Sakura's top priority at the moment was to avoid detection. She shouldn't bother taking on huge goals if she was going to be caught before ever achieving something. So stealthiness, it was.

That included hiding that this four-year-old Sakura Haruno had been swapped with her, a grown adult. She was confident in her ability to act the part because of experience (years of pretending to be unbothered by sly remarks about her upbringings, acting like she was supposed to, a collected and reliable medic, as if she wasn't slowly breaking apart, every death to her name a weight crushing her shoulders—), and she still had a cover story, 'Keito', to back her up.

But most importantly, she needed to keep the people aware of her training to a minimum, which she had already semi-failed at.
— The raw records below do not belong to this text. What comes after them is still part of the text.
lemma peak_at_swap_other:
  "peak_at T t c1 c2 \<Longrightarrow> k \<noteq> t \<Longrightarrow> k \<noteq> t + 1 \<Longrightarrow> k + 1 \<noteq> t
    \<Longrightarrow> peak_at (swap_entries k T) t c1 c2"
  by (simp add: peak_at_def swap_entries_apply transpose_def)

lemma swap_peak_in_Y: "T \<in> Y \<Longrightarrow> peak_at T t c1 c2 \<Longrightarrow> swap_entries t T \<in> Y"
  by (rule swap_entries_in_Y[of T "(1, c1)" "(2, c2)"]) (auto simp: peak_at_def)

lemma swap_valley_in_Y:
  assumes T: "T \<in> Y" and v: "valley_at T k d1 d2"
  shows "swap_entries k T \<in> Y"
  using valley_columns_less[OF T v] v
  by (intro swap_entries_in_Y[OF T, of "(2, d2)" "(1, d1)"]) (auto simp: valley_at_def)

lemma pi_ta_peak:
  "T \<in> Y \<Longrightarrow> peak_at T t c1 c2 \<Longrightarrow> pi_ta t (box_dist (1, c1) (2, c2)) T = swap_entries t T"
  by (subst pi_ta_eq[of T "(1, c1)" "(2, c2)"]) (auto simp: peak_at_def)

lemma pi_ta_same_row:
  "T \<in> Y \<Longrightarrow> (i, c) \<in> S \<Longrightarrow> (i, c') \<in> S \<Longrightarrow> T (i, c) = t \<Longrightarrow> T (i, c') = t + 1 \<Longrightarrow> pi_ta t a T = T"
  by (subst pi_ta_eq[of T "(i, c)" "(i, c')"]) auto

lemma pi_ta_moves_only_peaks_and_valleys:
  assumes T: "T \<in> Y" and "1 \<le> t" "t < g" and moved: "pi_ta t a T \<noteq> T"
  shows "\<exists>d1 d2. box_dist (1, d1) (2, d2) = a \<and> (peak_at T t d1 d2 \<or> valley_at T t d1 d2)"
proof -
  obtain P Q where P: "P \<in> S" "T P = t" and Q: "Q \<in> S" "T Q = t + 1"
    using tableau_surj[OF T, of t] tableau_surj[OF T, of "t + 1"] assms by auto
  have differ: "fst P \<noteq> fst Q" "snd P \<noteq> snd Q" "box_dist P Q = a"
    using pi_ta_eq[OF T P(1) Q(1) P(2) Q(2), of a] moved by (auto split: if_splits)
  obtain i c i' c' where PQ: "P = (i, c)" "Q = (i', c')"
    by fastforce
  have "i = 1 \<or> i = 2" "i' = 1 \<or> i' = 2" "i \<noteq> i'"
    using mem_S_rows P(1) Q(1) differ(1) PQ by auto
  then consider "i = 1" "i' = 2" | "i = 2" "i' = 1"
    by auto
  then show ?thesis
  proof cases
    case 1
    then have "peak_at T t c c'" "box_dist (1, c) (2, c') = a"
      using P Q differ PQ by (auto simp: peak_at_def)
    then show ?thesis by blast
  next
    case 2
    then have "valley_at T t c' c" "box_dist (1, c') (2, c) = a"
      using P Q differ PQ box_dist_commute[of "(1, c')"] by (auto simp: valley_at_def)
    then show ?thesis by blast
  qed
qed

definition row1_sum :: "((int \<times> int) \<Rightarrow> int) \<Rightarrow> nat" where
  "row1_sum T = (\<Sum>c\<in>{s<..e1}. nat (T (1, c)))"

lemma row1_sum_swap_valley_less:
  assumes T: "T \<in> Y" and v: "valley_at T k d1 d2"
  shows "row1_sum (swap_entries k T) < row1_sum T"
  unfolding row1_sum_def
proof (rule sum_strict_mono_ex1)
  have not_k: "T (1, c) \<noteq> k" if "s < c" "c \<le> e1" for c
    using v that tableau_eq_iff[OF T, of "(1, c)" "(2, d2)"] by (auto simp: valley_at_def)
  show "\<forall>c\<in>{s<..e1}. nat (swap_entries k T (1, c)) \<le> nat (T (1, c))"
    using not_k by (auto simp: swap_entries_apply transpose_def)
  have "1 \<le> k"
    using v tableau_range[OF T, of "(2, d2)"] by (simp add: valley_at_def)
  then show "\<exists>c\<in>{s<..e1}. nat (swap_entries k T (1, c)) < nat (T (1, c))"
    using v by (intro bexI[of _ d1]) (auto simp: valley_at_def swap_entries_apply)
qed simp

lemma row_entries_valley_free:
  assumes T: "T \<in> Y" and vf: "valley_free T"
  shows "row_entries T 1 = {1..e1 - s}"
proof -
  have "row_entries T 1 = {1..int (card (row_entries T 1))}"
  proof (rule initial_segment_if_complement_upward_closed[OF row_entries_Un[OF T] row_entries_disjoint[OF T]])
    fix k assume k: "k \<in> row_entries T 2" "k + 1 \<le> g"
    moreover have "k \<in> {1..g}"
      using row_entries_Un[OF T] k(1) by blast
    ultimately have "k + 1 \<in> row_entries T 1 \<union> row_entries T 2"
      using row_entries_Un[OF T] by auto
    moreover have "k + 1 \<notin> row_entries T 1"
    proof
      assume "k + 1 \<in> row_entries T 1"
      then obtain d1 where "(1, d1) \<in> S" "T (1, d1) = k + 1"
        by (auto simp: row_entries_def)
      moreover obtain d2 where "(2, d2) \<in> S" "T (2, d2) = k"
        using k(1) by (auto simp: row_entries_def)
      ultimately have "valley_at T k d1 d2"
        by (simp add: valley_at_def)
      then show False
        using vf by (simp add: valley_free_def)
    qed
    ultimately show "k + 1 \<in> row_entries T 2"
      by blast
  qed
  then show ?thesis
    using card_row_entries_1[OF T] s_le_e1 by simp
qed

lemma valley_free_unique: "T \<in> Y \<Longrightarrow> T' \<in> Y \<Longrightarrow> valley_free T \<Longrightarrow> valley_free T' \<Longrightarrow> T = T'"
  by (simp add: tableau_eq_if_row_entries_eq row_entries_valley_free)

lemma peak_at_range: "T \<in> Y \<Longrightarrow> peak_at T t c1 c2 \<Longrightarrow> 1 \<le> t \<and> t < g"
  using tableau_range[of T "(1, c1)"] tableau_range[of T "(2, c2)"] by (auto simp: peak_at_def)

lemma peak_valley_values_differ: "T \<in> Y \<Longrightarrow> peak_at T t c1 c2 \<Longrightarrow> valley_at T k d1 d2 \<Longrightarrow> k \<noteq> t"
  using tableau_eq_iff[of T "(1, c1)" "(2, d2)"] by (auto simp: peak_at_def valley_at_def)

lemma row_entries_peak_at_distance_e1:
  assumes T: "T \<in> Y" and p: "peak_at T t d1 d2"
    and dist: "box_dist (1, d1) (2, d2) = e1" and t: "t = e1 - s"
  shows "row_entries T 1 = {1..t}"
proof -
  have "d2 \<le> d1"
    using row2_successor_column_le[OF T] p by (auto simp: peak_at_def)
  then have "d1 = e1"
    using dist p by (auto simp: box_dist_def peak_at_def)
  have "row_entries T 1 \<subseteq> {1..t}"
  proof
    fix v assume "v \<in> row_entries T 1"
    then obtain c where c: "s < c" "c \<le> e1" "v = T (1, c)"
      by (auto simp: row_entries_def)
    have "T (1, c) \<le> T (1, e1)"
      using tableau_row_less[OF T, of 1 c e1] c by (cases "c = e1") auto
    then show "v \<in> {1..t}"
      using tableau_range[OF T, of "(1, c)"] p c \<open>d1 = e1\<close> by (auto simp: peak_at_def)
  qed
  moreover have "card (row_entries T 1) = card {1..t}"
    using card_row_entries_1[OF T] t by simp
  ultimately show ?thesis
    by (simp add: card_subset_eq)
qed

lemma valley_free_peak_position:
  assumes u: "u \<in> Y" and vf: "valley_free u" and p: "peak_at u t c1 c2"
  shows "t = e1 - s" and "box_dist (1, c1) (2, c2) = e1"
proof -
  have row1: "row_entries u 1 = {1..e1 - s}"
    using row_entries_valley_free[OF u vf] .
  have row2: "row_entries u 2 = {1..g} - {1..e1 - s}"
    using row_entries_Un[OF u] row_entries_disjoint[OF u] row1 by blast
  have c1: "s < c1" "c1 \<le> e1" and c2: "0 < c2" "c2 \<le> e2" and vals: "u (1, c1) = t" "u (2, c2) = t + 1"
    using p by (simp_all add: peak_at_def)
  have "t \<in> row_entries u 1"
    unfolding row_entries_def using c1 vals by (intro image_eqI[of _ _ c1]) auto
  moreover have "t + 1 \<in> row_entries u 2"
    unfolding row_entries_def using c2 vals by (intro image_eqI[of _ _ c2]) auto
  ultimately
  show t: "t = e1 - s"
    using row1 row2 by auto
  have "c1 = e1"
  proof (rule ccontr)
    assume "c1 \<noteq> e1"
    then have "t < u (1, e1)"
      using tableau_row_less[OF u, of 1 c1 e1] c1 vals by simp
    moreover have "u (1, e1) \<in> row_entries u 1"
      using c1 by (auto simp: row_entries_def)
    ultimately show False
      using row1 t by simp
  qed
  moreover have "c2 = 1"
  proof (rule ccontr)
    assume "c2 \<noteq> 1"
    then have "u (2, 1) < t + 1"
      using tableau_row_less[OF u, of 2 1 c2] c2 vals by simp
    moreover have "u (2, 1) \<in> row_entries u 2"
      using c2 by (auto simp: row_entries_def)
    then have "e1 - s < u (2, 1)"
      using row2 by auto
    ultimately show False
      using t by simp
  qed
  ultimately show "box_dist (1, c1) (2, c2) = e1"
    using c1 s_nonneg by (simp add: box_dist_def)
qed

lemma restrict_pi_ta_valley_free_peak:
  assumes u: "u \<in> Y" and vf: "valley_free u" and p: "peak_at u t c1 c2"
  shows "restrict (pi_ta t (box_dist (1, c1) (2, c2))) Y = transposition_on Y u (swap_entries t u)"
proof -
  let ?a = "box_dist (1, c1) (2, c2)"
  have t: "1 \<le> t" "t < g"
    using peak_at_range[OF u p] by auto
  have peak_is_u: "T = u" if T: "T \<in> Y" and "peak_at T t d1 d2" "box_dist (1, d1) (2, d2) = ?a" for T d1 d2
    using tableau_eq_if_row_entries_eq[OF T u] row_entries_peak_at_distance_e1[OF T \<open>peak_at T t d1 d2\<close>]
      row_entries_peak_at_distance_e1[OF u p] valley_free_peak_position[OF u vf p] that(3) by simp
  have moved: "T = u \<or> T = pi_ta t ?a u" if T: "T \<in> Y" and mv: "pi_ta t ?a T \<noteq> T" for T
  proof -
    obtain d1 d2 where d: "box_dist (1, d1) (2, d2) = ?a" "peak_at T t d1 d2 \<or> valley_at T t d1 d2"
      using pi_ta_moves_only_peaks_and_valleys[OF T t mv] by blast
    show ?thesis
    proof (cases "peak_at T t d1 d2")
      case False
      then have "valley_at T t d1 d2"
        using d by blast
      then have "swap_entries t T = u"
        using peak_is_u swap_valley_in_Y[OF T] peak_at_swap_valley[OF T] d by blast
      then show ?thesis
        using pi_ta_peak[OF u p] by auto
    qed (use peak_is_u T d in blast)
  qed
  show ?thesis
    using restrict_involution_eq_transposition_on[of Y "pi_ta t ?a" u] pi_ta_in_Y_and_involutive[OF _ t]
      moved pi_ta_peak[OF u p] u by auto
qed

section \<open>The EH group of two-row tableaux\<close>

definition eh_generators :: "(((int \<times> int) \<Rightarrow> int) \<Rightarrow> ((int \<times> int) \<Rightarrow> int)) set" where
  "eh_generators = {restrict (pi_ta t a) Y | t a. 1 \<le> t \<and> t < g \<and> 0 < a}"

definition eh_group :: "(((int \<times> int) \<Rightarrow> int) \<Rightarrow> ((int \<times> int) \<Rightarrow> int)) set" where
  "eh_group = generate (BijGroup Y) eh_generators"

lemma restrict_pi_ta_in_Bij: "1 \<le> t \<Longrightarrow> t < g \<Longrightarrow> restrict (pi_ta t a) Y \<in> Bij Y"
  by (rule restrict_involution_in_Bij) (use pi_ta_in_Y_and_involutive in auto)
Well, only technically speaking.

She couldn't have prevented Shisui and Itachi from knowing in order to secure another way to expand her skillset. And although Yūta was a stranger to her, not to mention someone she couldn't predict reactions of since he never existed in her timeline, she had somehow managed to evade his suspicion. Of course, that was assuming she had successfully tricked him.

So, strictly speaking, she had yet to be caught and had only got really close to it.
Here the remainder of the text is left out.